During the Second World War, Operation Chastise was a specialized strategic bombing operation carried out by 617 Squadron of the Royal Air Force. It was directed against German dams that provided water and power to dams in the Ruhr. 617 Squadron was created for the mission, under Wing Commander Guy Gibson. They trained in intense secrecy, not even Gibson knowing the exact target, and then having the targets held to a minimum number of officers. Operational security was extreme because the Germans could easily install countermeasures of balloon-supported cables, metal nets, or low-level anti-aircraft artillery.
Barnes Wallis, who designed the Vickers Wellingto, originally proposed to attack dams with extremely large penetrating "earthquake bombs", which indeed were used later in the war.
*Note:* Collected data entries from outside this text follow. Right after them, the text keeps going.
lemma unitary_divisors_unit:
  fixes z :: "'a::factorial_semiring_gcd"
  assumes "is_unit z"
  shows "unitary_divisors z = {1}"
proof
  show "unitary_divisors z \<subseteq> {1}"
  proof
    fix x
    assume "x \<in> unitary_divisors z"
    then obtain y where "normalize x = x" "z = x * y"
      by (auto simp: unitary_divisors_def)
    then show "x \<in> {1}"
      using assms normalize_idem_imp_is_unit_iff[of x] by (simp add: is_unit_mult_iff)
  qed
  show "{1} \<subseteq> unitary_divisors z"
    by (simp add: unitary_divisors_def)
qed

lemma unitary_divisor_mult_coprime:
  fixes c w :: "'a::factorial_semiring_gcd"
  assumes "coprime c w" "x \<in> unitary_divisors w"
  shows "x \<in> unitary_divisors (c * w)"
proof -
  from assms(2) obtain y where "normalize x = x" "w = x * y" "coprime x y"
    by (auto simp: unitary_divisors_def)
  moreover have "coprime x c"
    using assms(1) \<open>w = x * y\<close> by (simp add: coprime_commute)
  ultimately show ?thesis
    unfolding unitary_divisors_def by (auto intro!: exI[of _ "c * y"] simp: mult_ac)
qed

lemma normalize_mult_unitary_divisor:
  fixes c w :: "'a::factorial_semiring_gcd"
  assumes "c * w \<noteq> 0" "coprime c w" "x \<in> unitary_divisors w"
  shows "normalize (c * x) \<in> unitary_divisors (c * w)"
proof -
  from assms(3) obtain y where "w = x * y" "coprime x y"
    by (auto simp: unitary_divisors_def)
  moreover have "coprime y c"
    using assms(2) \<open>w = x * y\<close> by (simp add: coprime_commute)
  moreover have "coprime (c * x) (unit_factor (c * x))"
    using assms(1) \<open>w = x * y\<close> by (intro is_unit_right_imp_coprime unit_factor_is_unit) auto
  ultimately show ?thesis
    unfolding unitary_divisors_def
    by (auto intro!: exI[of _ "unit_factor (c * x) * y"] simp: mult_ac coprime_commute)
qed

lemma unitary_divisor_cancel_coprime:
  fixes c w :: "'a::factorial_semiring_gcd"
  assumes "c * w \<noteq> 0" "coprime x c" "x \<in> unitary_divisors (c * w)"
  shows "x \<in> unitary_divisors w"
proof -
  from assms(3) obtain y where x: "normalize x = x" and cw: "c * w = x * y" and "coprime x y"
    by (auto simp: unitary_divisors_def)
  then have "x dvd w"
    using assms(2) by (metis coprime_dvd_mult_right_iff dvd_triv_left)
  then obtain t where t: "w = x * t" ..
  have "x * y = x * (c * t)"
    using cw t by (simp add: mult_ac)
  then have "y = c * t"
    using assms(1) cw by simp
  then show ?thesis
    using x t \<open>coprime x y\<close> by (auto simp: unitary_divisors_def)
qed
At the time, however, no available aircraft could lift them. Arthur Harris, head of RAF Bomber Command, resisted the proposal, calling it "Tripe of the wildest description". He commented that the revolving mine would tear itself from the bomb bay and destroy the aircraft carrying it. He also said "The war will be over before it works - and it never will". Harris did not want to loose any of his precious Lancaster bombers on a "wild goose chase" that stood little chance of success. He knew from previous attacks just how venerable his bombers were.
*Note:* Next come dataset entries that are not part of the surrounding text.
(* Let $\mu>0$, $x>0$, $y>0$, and let $n,q\ge 0$ be integers. Then $$\sum_{k=0}^{n}F_{\mu+k}(x,y)<P_{\mu}(x,y),$$ and, provided $F_{\mu+n+1}(x,y)>F_{\mu+n+q+2}(x,y)$, $$P_\mu(x,y)<\sum_{k=0}^{n}F_{\mu+k}(x,y)+U^{(q)}_{\mu+n+1}(x,y),$$ where $U_{\nu}^{(q)}(x,y)=\dfrac{\sum_{k=0}^q F_{\nu+k}(x,y)}{F_\nu(x,y)-F_{\nu+q+1}(x,y)}F_{\nu}(x,y)$.
   Context: $P_{\mu}(x,y)=x^{\frac12(1-\mu)}\int_0^{y} t^{\frac12(\mu-1)}e^{-t-x}I_{\mu-1}(2\sqrt{xt})\,dt$ for $\mu>0$, with $I_\nu$ the modified Bessel function of the first kind; $F_{\mu}(x,y)=(y/x)^{\mu/2}e^{-x-y}I_{\mu}(2\sqrt{xy})$. *)

theory Defs
  imports "HOL-Analysis.Analysis"
begin

definition besselI :: "real \<Rightarrow> real \<Rightarrow> real" where
  "besselI \<nu> z = (\<Sum>m. (z / 2) powr (2 * real m + \<nu>) / (fact m * Gamma (real m + \<nu> + 1)))"

definition marcumP :: "real \<Rightarrow> real \<Rightarrow> real \<Rightarrow> real" where
  "marcumP \<mu> x y = x powr ((1 - \<mu>) / 2) *
     integral {0..y} (\<lambda>t. t powr ((\<mu> - 1) / 2) * exp (- t - x) * besselI (\<mu> - 1) (2 * sqrt (x * t)))"

definition marcumF :: "real \<Rightarrow> real \<Rightarrow> real \<Rightarrow> real" where
  "marcumF \<mu> x y = (y / x) powr (\<mu> / 2) * exp (- x - y) * besselI \<mu> (2 * sqrt (x * y))"

definition marcumU :: "real \<Rightarrow> nat \<Rightarrow> real \<Rightarrow> real \<Rightarrow> real" where
  "marcumU \<nu> q x y = (\<Sum>k\<le>q. marcumF (\<nu> + real k) x y)
      / (marcumF \<nu> x y - marcumF (\<nu> + real q + 1) x y) * marcumF \<nu> x y"

end

theory Submission
  imports Defs "HOL-Computational_Algebra.Formal_Power_Series"
begin

text \<open>
  Write \<open>I\<^sub>s(2\<surd>w) = w\<^bsup>s/2\<^esup> \<phi>\<^sub>s(w)\<close> with the entire series \<open>\<phi>\<^sub>s\<close>. Then \<open>F\<^sub>s(x,y)\<close> is the
  Poisson mixture \<open>\<Sum>\<^sub>m e\<^sup>-\<^sup>x x\<^sup>m/m! \<cdot> g\<^sub>m\<^sub>+\<^sub>s(y)\<close> of the gamma densities \<open>g\<^sub>a(t) = e\<^sup>-\<^sup>t t\<^sup>a/\<Gamma>(a+1)\<close>, and
  \<open>P\<^sub>\<mu>(x,y)\<close> is the same mixture of the distribution functions \<open>\<integral>\<^sub>0\<^sup>y g\<^sub>m\<^sub>+\<^sub>\<mu>\<^sub>-\<^sub>1\<close>. Since
  \<open>g\<^sub>a' = g\<^sub>a\<^sub>-\<^sub>1 - g\<^sub>a\<close>, each distribution function equals \<open>\<Sum>\<^sub>k g\<^sub>a\<^sub>+\<^sub>k(y)\<close>; exchanging the
  two summations gives \<open>P\<^sub>\<mu> = \<Sum>\<^sub>k F\<^sub>\<mu>\<^sub>+\<^sub>k\<close>, a series of positive terms, whence the lower bound.

  The Cauchy product coefficients of \<open>\<phi>\<^sub>s \<phi>\<^sub>s\<^sub>+\<^sub>2\<close> and \<open>\<phi>\<^sub>s\<^sub>+\<^sub>1\<^sup>2\<close> are Vandermonde convolutions
  and compare termwise, which gives the Tur\'an inequality \<open>F\<^sub>s F\<^sub>s\<^sub>+\<^sub>2 < F\<^sub>s\<^sub>+\<^sub>1\<^sup>2\<close>. So
  \<open>G\<^sub>k = F\<^sub>\<nu>\<^sub>+\<^sub>k\<close> is strictly log-concave, hence \<open>G\<^sub>j\<^sub>+\<^sub>d G\<^sub>0 < G\<^sub>d G\<^sub>j\<close> for \<open>j, d \<ge> 1\<close>; summing
  over \<open>j\<close> with \<open>d = q + 1\<close> bounds the tail \<open>\<Sum>\<^sub>j G\<^sub>j\<close> by \<open>U\<^sub>\<nu>\<^sup>(\<^sup>q\<^sup>)\<close>.
\<close>

section \<open>Strictly log-concave sequences\<close>

lemma log_concave_cross_less:
  fixes u :: "nat \<Rightarrow> real"
  assumes pos: "\<And>n. u n > 0" and turan: "\<And>n. u n * u (n + 2) < (u (n + 1))\<^sup>2"
    and d: "d \<ge> 1" and k: "k \<ge> 1"
  shows "u (d + k) * u 0 < u d * u k"
proof -
  define r where "r n = u (Suc n) / u n" for n
  have r_pos: "r n > 0" for n
    using pos by (simp add: r_def)
  have r_Suc_less: "- r n < - r (Suc n)" for n
    using turan[of n] pos[of n] pos[of "Suc n"]
    by (simp add: r_def power2_eq_square divide_simps mult.commute)
  have u_shift: "u (n + m) = u n * (\<Prod>i<m. r (n + i))" for n m
  proof (induction m)
    case (Suc m)
    have "u (n + Suc m) = u (n + m) * r (n + m)"
      using pos[of "n + m"] by (simp add: r_def)
    then show ?case
      using Suc by simp
  qed simp
  have "(\<Prod>i<k. r (d + i)) < (\<Prod>i<k. r i)"
  proof (rule prod_mono_strict[where i = 0])
    have less: "r (d + i) < r i" for i
      using lift_Suc_mono_less[of "\<lambda>n. - r n", OF r_Suc_less, of i "d + i"] d by simp
    then show "r (d + 0) < r 0"
      by (metis add_0_right)
    show "\<And>i. i \<in> {..<k} \<Longrightarrow> 0 \<le> r (d + i) \<and> r (d + i) \<le> r i"
      using r_pos less less_imp_le by auto
  qed (use k r_pos in auto)
  then have "u d * (\<Prod>i<k. r (d + i)) * u 0 < u d * (u 0 * (\<Prod>i<k. r i))"
    using pos[of d] pos[of 0] by (simp add: ac_simps)
  then show ?thesis
    using u_shift[of d k] u_shift[of 0 k] by simp
qed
Chief of the Air Staff, Air Chief Marshal Sir Charles Portal, was impressed with Wallis' test results, ordering Harris to provide three Lancasters: "If you want to win the war; bust the dams".  Wallis, to bring the bombload within the capacity of available aircraft, developed a "bouncing bomb", code-named Upkeep, which would, delivered at a precise speed and altitude, 60 feet (18.29m) and a speed 220 mph (354 km/h), skip over the lake formed by the dam, and then sink such that its force was delivered, through incompressible water, to the dame. No other weapon available at the time could damage the massive structure of dams.
Nineteen modified Avro Lancaster bombers carried out the attack during the night of 16/17 May 1943, successfully breaching the Mohne and Eder dams, but failing with attacks on two others, the Sorpe and Schwelme. Wing Commander Gibson repeatedly flew over the Mohne and Eder dams to draw fire away from the attacking aircraft and was subsequently awarded the Victoria Cross for his gallantry. Thirty-two other members of the Squadron were also decorated but a total of eight aircraft and their crews were lost during the night.
The raid did cause significant problems to German industry, but was not as devastating as had been hoped. Albert Speer wrote "employing just a few bombers…came close to a success which would have been greater than anything they had achieved hitherto with a commitment of thousands of bombers." His efforts to get the Luftwaffe to undertake similar attacks of Russian hydroelectric plants was unsuccessful.